The exact number of variants per uop will need to be determined empirically.
Having more stencils allows more freedom when generating code, but excessive numbers of stencils would cause bloat both at runtime, and in any repository containing the stencils.
Spilling and reloading
There will be an upper bound to the number of values cached and some uops may need a minimum number of values in the cache.

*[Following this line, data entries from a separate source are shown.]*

text \<open>In an essential module the finitely supported vectors are dense: the closure of
  this subspace contains all generators a x and therefore their complex span.\<close>
lemma essential_imp_fin_supported_dense:
  assumes "essential_module A sm act"
  shows "closure (fin_supported act) = UNIV"
proof -
  have "cspan sm {act a x | a x. a \<in> A} \<subseteq> closure (fin_supported act)"
  proof
    fix y assume "y \<in> cspan sm {act a x | a x. a \<in> A}"
    then obtain T c where T: "T \<subseteq> {act a x | a x. a \<in> A}" and y: "y = (\<Sum>s\<in>T. sm (c s) s)"
      unfolding cspan_def by auto
    have "sm (c s) s \<in> closure (fin_supported act)" if "s \<in> T" for s
    proof -
      obtain a x where a: "a \<in> A" and s: "s = act a x" using T \<open>s \<in> T\<close> by auto
      have "sm (c s) s = act (\<lambda>n. c s * a n) x" unfolding s by (rule act_cmult[OF a, symmetric])
      thus ?thesis using act_in_closure_fin_supported[OF seq_cmult_A[OF a]] by simp
    qed
    thus "y \<in> closure (fin_supported act)"
      unfolding y by (rule subspace_sum[OF subspace_closure[OF subspace_fin_supported]])
  qed
  hence "closure (cspan sm {act a x | a x. a \<in> A}) \<subseteq> closure (fin_supported act)"
    using closure_mono[of _ "closure (fin_supported act)"] by simp
  thus ?thesis using assms unfolding essential_module_def by blast
qed

text \<open>Homogeneity can be tested on finitely supported vectors y, provided these are
  dense: a general y is compared with its truncation to the support of a nearby
  finitely supported vector.\<close>
lemma homogeneous_if_homogeneous_on_fin_supported:
  assumes dense: "closure (fin_supported act) = UNIV"
    and fin: "\<And>y z. y \<in> fin_supported act \<Longrightarrow>
       (\<And>n. norm (act (pvec n) y) \<le> norm (act (pvec n) z)) \<Longrightarrow> norm y \<le> norm z"
  shows "homogeneous_module act"
  unfolding homogeneous_module_def
proof (intro allI impI)
  fix y z assume dom: "\<forall>n. norm (act (pvec n) y) \<le> norm (act (pvec n) z)"
  have truncation_le: "norm (act (indf F) w) \<le> norm w" if F: "finite F" for F w
    by (rule fin) (use F truncation_idem coord_truncation_le in \<open>auto simp: fin_supported_def\<close>)
  show "norm y \<le> norm z"
  proof (rule field_le_epsilon)
    fix e :: real assume e: "0 < e"
    obtain v where "v \<in> fin_supported act" and yv: "dist v y < e / 2"
      using dense e closure_approachable[of y] by (metis UNIV_I half_gt_zero)
    then obtain F where F: "finite F" and v: "act (indf F) v = v"
      unfolding fin_supported_def by blast
    define yF where "yF = act (indf F) y"
    have "norm yF \<le> norm z"
    proof (rule fin)
      show "yF \<in> fin_supported act"
        unfolding fin_supported_def yF_def using F truncation_idem by blast
      show "norm (act (pvec n) yF) \<le> norm (act (pvec n) z)" for n
        unfolding yF_def using coord_truncation_le[OF F] dom order_trans by blast
    qed
    moreover have "y - yF = (y - v) - act (indf F) (y - v)"
      unfolding yF_def using v by (simp add: act_diff[OF indf_A[OF F]])
    hence "norm (y - yF) \<le> norm (y - v) + norm (act (indf F) (y - v))"
      by (metis norm_triangle_ineq4)
    hence "norm (y - yF) \<le> 2 * norm (y - v)" using truncation_le[OF F, of "y - v"] by simp
    moreover have "norm (y - v) < e / 2" using yv by (simp add: dist_norm norm_minus_commute)
    moreover have "norm y \<le> norm yF + norm (y - yF)" by (metis norm_triangle_sub)
    ultimately show "norm y \<le> norm z + e" by linarith
  qed
qed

To handle those we will need to insert spill and reload uops. Spills will reduce the number of cached values, saving them to the in-memory stack and reloads will do the opposite moving values from the in-memory stack to the cache.
E.g.
LOAD_FAST_BORROW
BINARY_OP_ADD_INT
BINARY_OP_ADD_INT
expects two inputs, but we only have one cached (from the LOAD_FAST_BORROW
) so we need to insert a RELOAD
:
LOAD_FAST_BORROW ( 0 -> 1 registers)
RELOAD_1_2 ( 1 -> 2 registers)
BINARY_OP_ADD_INT ( 2 -> 1 registers)
SPILL
and RELOAD
are semantic no-ops, and will be generated automatically.
Deferred references
For this to work the code generator must spill any cached values to the in-memory stack when GC could occur. Fortunately, the code generator already does this (as part of the work for #131498).